__The task__: Every line from the one containing "(\<lambda>x. \<gamma> *" to the one containing "unfolding nn by simp" in the records below, both included, must be set down exactly, and no other line.
##########
(* Fix $k,\gamma>0$ and let $g_\sigma(x)=\Gamma(k/\gamma)^{-1}\sigma^{-k}\gamma x^{k-1}e^{-(x/\sigma)^\gamma}$, $x>0$, be the generalized gamma scale family, with natural parameter $\eta=\sigma^{-\gamma}$. Let $\eta_{\mathrm{train}}>0$ and let $\eta_{\mathrm{test}}>0$ be a random variable that is not almost surely constant, such that $\log\eta_{\mathrm{test}}$ has a distribution symmetric about $\log\eta_{\mathrm{train}}$ and $\mathbb{E}[1/\eta_{\mathrm{test}}]<\infty$. Let $Y$ have conditional density $g_{\sigma_{\mathrm{test}}}$ given $\eta_{\mathrm{test}}$, where $\sigma_{\mathrm{test}}=\eta_{\mathrm{test}}^{-1/\gamma}$. Then the scale $\sigma^*>0$ minimizing the expected logarithmic loss $\mathbb{E}[-\log g_\sigma(Y)]$ over $\sigma>0$ exists, is unique, is given by $(\sigma^* )^{\gamma}=\mathbb{E}[1/\eta_{\mathrm{test}}]$, and satisfies $\sigma^*>\sigma_{\mathrm{train}}:=\eta_{\mathrm{train}}^{-1/\gamma}$.
   Context: Logarithmic loss of forecast density $f$ at outcome $y$: $-\log f(y)$. *)

theory Defs
  imports "HOL-Probability.Probability"
begin

definition gengamma_density :: "real \<Rightarrow> real \<Rightarrow> real \<Rightarrow> real \<Rightarrow> real" where
  "gengamma_density k \<gamma> \<sigma> x =
     (if x > 0 then \<gamma> * x powr (k - 1) * exp (- ((x / \<sigma>) powr \<gamma>)) / (Gamma (k / \<gamma>) * \<sigma> powr k)
      else 0)"

definition scale_of_nat :: "real \<Rightarrow> real \<Rightarrow> real" where
  "scale_of_nat \<gamma> \<eta> = \<eta> powr (- 1 / \<gamma>)"

definition exp_log_loss :: "'a measure \<Rightarrow> ('a \<Rightarrow> real) \<Rightarrow> real \<Rightarrow> real \<Rightarrow> real \<Rightarrow> real" where
  "exp_log_loss M Y k \<gamma> \<sigma> = (\<integral>\<omega>. - ln (gengamma_density k \<gamma> \<sigma> (Y \<omega>)) \<partial>M)"

end

theory Submission
  imports Defs "HOL-Real_Asymp.Real_Asymp"
begin

text \<open>
  For \<open>y > 0\<close>, \<open>- ln (g\<^sub>\<sigma> y) = k ln \<sigma> + (y / \<sigma>)\<^sup>\<gamma> + (terms free of \<sigma>)\<close>, so the expected
  loss is \<open>C + k ln \<sigma> + E[Y\<^sup>\<gamma>] / \<sigma>\<^sup>\<gamma>\<close>, which is uniquely minimized at
  \<open>\<sigma>\<^sup>\<gamma> = (\<gamma> / k) E[Y\<^sup>\<gamma>]\<close>. The substitution \<open>y = \<sigma> u\<^sup>1\<^sup>/\<^sup>\<gamma>\<close> turns the moments of
  \<open>g\<^sub>\<sigma>\<close> into Gamma integrals, so \<open>E[Y\<^sup>\<gamma> | \<eta>] = (k / \<gamma>) / \<eta>\<close> and the minimizer satisfies
  \<open>\<sigma>\<^sup>\<gamma> = E[1 / \<eta>]\<close>. For \<open>X = ln \<eta>\<^sub>t\<^sub>r\<^sub>a\<^sub>i\<^sub>n - ln \<eta>\<close>, symmetric and not almost surely zero,
  \<open>\<eta>\<^sub>t\<^sub>r\<^sub>a\<^sub>i\<^sub>n E[1 / \<eta>] = E[exp X] = E[cosh X] > 1\<close>, which is \<open>\<sigma>\<^sup>\<gamma> > \<sigma>\<^sub>t\<^sub>r\<^sub>a\<^sub>i\<^sub>n\<^sup>\<gamma>\<close>.
  Integrability of the loss needs \<open>E |ln Y| < \<infinity>\<close>; it follows from finiteness of
  \<open>E[Y\<^sup>\<plusminus>\<^sup>\<epsilon>]\<close>, i.e. of \<open>E[\<eta>\<^sup>\<plusminus>\<^sup>t]\<close>: the negative moment is at most \<open>1 + E[1 / \<eta>]\<close>, and
  log-symmetry makes the positive one a multiple of it.
\<close>

lemma abs_ln_le_powr:
  fixes y e :: real
  assumes "y > 0" "e > 0"
  shows "\<bar>ln y\<bar> \<le> (y powr e + y powr (- e)) / e"
proof -
  have "e * ln y \<le> y powr e"
    using ln_le_minus_one[of "y powr e"] assms by (simp add: ln_powr)
  moreover have "- e * ln y \<le> y powr (- e)"
    using ln_le_minus_one[of "y powr (- e)"] assms by (simp add: ln_powr)
  ultimately have "e * \<bar>ln y\<bar> \<le> y powr e + y powr (- e)"
    by (cases "ln y \<ge> 0") (auto intro: add_increasing2 add_increasing)
  then show ?thesis
    using assms by (simp add: field_simps)
qed

lemma powr_neg_le_one_plus_inverse:
  fixes x t :: real
  assumes "x > 0" "0 \<le> t" "t \<le> 1"
  shows "x powr (- t) \<le> 1 + 1 / x"
proof (cases "x \<ge> 1")
  case True
  then have "x powr (- t) \<le> 1"
    using assms by (simp add: powr_minus_divide ge_one_powr_ge_zero)
  then show ?thesis
    using assms by (smt (verit) divide_pos_pos)
next
  case False
  then have "x powr (- t) \<le> x powr (- 1)"
    using assms by (intro powr_mono') auto
  then show ?thesis
    using assms by (simp add: powr_minus_divide)
qed

lemma ln_plus_divide_strict_min:
  fixes q u :: real
  assumes "q > 0" "u > 0" "u \<noteq> q"
  shows "ln q + 1 < ln u + q / u"
proof -
  have "q / u > 0" "q / u \<noteq> 1"
    using assms by auto
  then have "ln (q / u) < q / u - 1"
    using ln_le_minus_one[of "q / u"] ln_eq_minus_one[of "q / u"] by fastforce
  then show ?thesis
    using assms by (simp add: ln_div)
qed

section \<open>The generalized gamma density\<close>

lemma gengamma_density_nonneg:
  assumes "k > 0" "\<gamma> > 0" "\<sigma> > 0"
  shows "gengamma_density k \<gamma> \<sigma> y \<ge> 0"
  using assms Gamma_real_pos[of "k / \<gamma>"] by (auto simp: gengamma_density_def)

lemma gengamma_density_nonpos [simp]: "y \<le> 0 \<Longrightarrow> gengamma_density k \<gamma> \<sigma> y = 0"
  by (simp add: gengamma_density_def)

lemma measurable_gengamma_density [measurable]:
  assumes [measurable]: "f \<in> borel_measurable M" "g \<in> borel_measurable M"
  shows "(\<lambda>x. gengamma_density k \<gamma> (f x) (g x)) \<in> borel_measurable M"
  unfolding gengamma_density_def by measurable

lemma isCont_gengamma_density:
  assumes "y > 0" "k > 0" "\<gamma> > 0" "\<sigma> > 0"
  shows "isCont (gengamma_density k \<gamma> \<sigma>) y"
proof -
  have ev: "\<forall>\<^sub>F x in nhds y. gengamma_density k \<gamma> \<sigma> x =
      \<gamma> * x powr (k - 1) * exp (- ((x / \<sigma>) powr \<gamma>)) / (Gamma (k / \<gamma>) * \<sigma> powr k)"
    using eventually_nhds_in_open[of "{0<..}" y] assms
    by (auto elim!: eventually_mono simp: gengamma_density_def)
  have "Gamma (k / \<gamma>) \<noteq> 0"
    using assms Gamma_real_pos[of "k / \<gamma>"] by force
  then have "isCont (\<lambda>x. \<gamma> * x powr (k - 1) * exp (- ((x / \<sigma>) powr \<gamma>)) / (Gamma (k / \<gamma>) * \<sigma> powr k)) y"
    using assms by (auto intro!: continuous_intros)
  then show ?thesis
    using isCont_cong[OF ev] by simp
qed

lemma neg_ln_gengamma_density:
  fixes k \<gamma> \<sigma> y :: real
  assumes k: "k > 0" and \<gamma>: "\<gamma> > 0" and \<sigma>: "\<sigma> > 0" and y: "y > 0"
  shows "- ln (gengamma_density k \<gamma> \<sigma> y)
       = ln (Gamma (k / \<gamma>)) - ln \<gamma> + k * ln \<sigma> - (k - 1) * ln y + y powr \<gamma> / \<sigma> powr \<gamma>"
proof -
  have G: "Gamma (k / \<gamma>) > 0"
    using k \<gamma> by (intro Gamma_real_pos) simp
  have "ln (gengamma_density k \<gamma> \<sigma> y)
      = ln (\<gamma> * y powr (k - 1) * exp (- ((y / \<sigma>) powr \<gamma>))) - ln (Gamma (k / \<gamma>) * \<sigma> powr k)"
    unfolding gengamma_density_def using y \<gamma> \<sigma> G by (simp add: ln_div)
  also have "\<dots> = ln \<gamma> + (k - 1) * ln y - y powr \<gamma> / \<sigma> powr \<gamma> - (ln (Gamma (k / \<gamma>)) + k * ln \<sigma>)"
    using y \<gamma> \<sigma> G by (simp add: ln_mult ln_powr powr_divide)
  finally show ?thesis
    by simp
qed

lemma Gamma_integrand_Ioi:
  fixes s :: real
  assumes "s > 0"
  shows "set_integrable lborel {0<..} (\<lambda>u. u powr (s - 1) / exp u)"
    and "(LINT u:{0<..}|lborel. u powr (s - 1) / exp u) = Gamma s"
proof -
  have nn: "(\<integral>\<^sup>+u. ennreal (indicator {0<..} u * (u powr (s - 1) / exp u)) \<partial>lborel) = Gamma s"
    using Gamma_conv_nn_integral_real[OF assms]
    by (simp add: indicator_def cong: nn_integral_cong_simp)
      (intro nn_integral_cong_AE AE_I[where N = "{0}"], auto)
  have int: "integrable lborel (\<lambda>u. indicator {0<..} u * (u powr (s - 1) / exp u))"
  proof (rule integrableI_nonneg)
    show "(\<integral>\<^sup>+u. ennreal (indicator {0<..} u * (u powr (s - 1) / exp u)) \<partial>lborel) < \<infinity>"
      unfolding nn by simp
  qed auto
  then show "set_integrable lborel {0<..} (\<lambda>u. u powr (s - 1) / exp u)"
    by (simp add: set_integrable_def)
  have "ennreal (LINT u:{0<..}|lborel. u powr (s - 1) / exp u) = Gamma s"
    unfolding set_lebesgue_integral_def using nn nn_integral_eq_integral[OF int] by simp
  then show "(LINT u:{0<..}|lborel. u powr (s - 1) / exp u) = Gamma s"
    using Gamma_real_pos[OF assms] by (subst (asm) ennreal_inj)
      (auto simp: set_lebesgue_integral_def intro!: integral_nonneg_AE)
qed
##########
__Response__:
  then have "isCont (\<lambda>x. \<gamma> * x powr (k - 1) * exp (- ((x / \<sigma>) powr \<gamma>)) / (Gamma (k / \<gamma>) * \<sigma> powr k)) y"
    using assms by (auto intro!: continuous_intros)
  then show ?thesis
    using isCont_cong[OF ev] by simp
qed

lemma neg_ln_gengamma_density:
  fixes k \<gamma> \<sigma> y :: real
  assumes k: "k > 0" and \<gamma>: "\<gamma> > 0" and \<sigma>: "\<sigma> > 0" and y: "y > 0"
  shows "- ln (gengamma_density k \<gamma> \<sigma> y)
       = ln (Gamma (k / \<gamma>)) - ln \<gamma> + k * ln \<sigma> - (k - 1) * ln y + y powr \<gamma> / \<sigma> powr \<gamma>"
proof -
  have G: "Gamma (k / \<gamma>) > 0"
    using k \<gamma> by (intro Gamma_real_pos) simp
  have "ln (gengamma_density k \<gamma> \<sigma> y)
      = ln (\<gamma> * y powr (k - 1) * exp (- ((y / \<sigma>) powr \<gamma>))) - ln (Gamma (k / \<gamma>) * \<sigma> powr k)"
    unfolding gengamma_density_def using y \<gamma> \<sigma> G by (simp add: ln_div)
  also have "\<dots> = ln \<gamma> + (k - 1) * ln y - y powr \<gamma> / \<sigma> powr \<gamma> - (ln (Gamma (k / \<gamma>)) + k * ln \<sigma>)"
    using y \<gamma> \<sigma> G by (simp add: ln_mult ln_powr powr_divide)
  finally show ?thesis
    by simp
qed

lemma Gamma_integrand_Ioi:
  fixes s :: real
  assumes "s > 0"
  shows "set_integrable lborel {0<..} (\<lambda>u. u powr (s - 1) / exp u)"
    and "(LINT u:{0<..}|lborel. u powr (s - 1) / exp u) = Gamma s"
proof -
  have nn: "(\<integral>\<^sup>+u. ennreal (indicator {0<..} u * (u powr (s - 1) / exp u)) \<partial>lborel) = Gamma s"
    using Gamma_conv_nn_integral_real[OF assms]
    by (simp add: indicator_def cong: nn_integral_cong_simp)
      (intro nn_integral_cong_AE AE_I[where N = "{0}"], auto)
  have int: "integrable lborel (\<lambda>u. indicator {0<..} u * (u powr (s - 1) / exp u))"
  proof (rule integrableI_nonneg)
    show "(\<integral>\<^sup>+u. ennreal (indicator {0<..} u * (u powr (s - 1) / exp u)) \<partial>lborel) < \<infinity>"
      unfolding nn by simp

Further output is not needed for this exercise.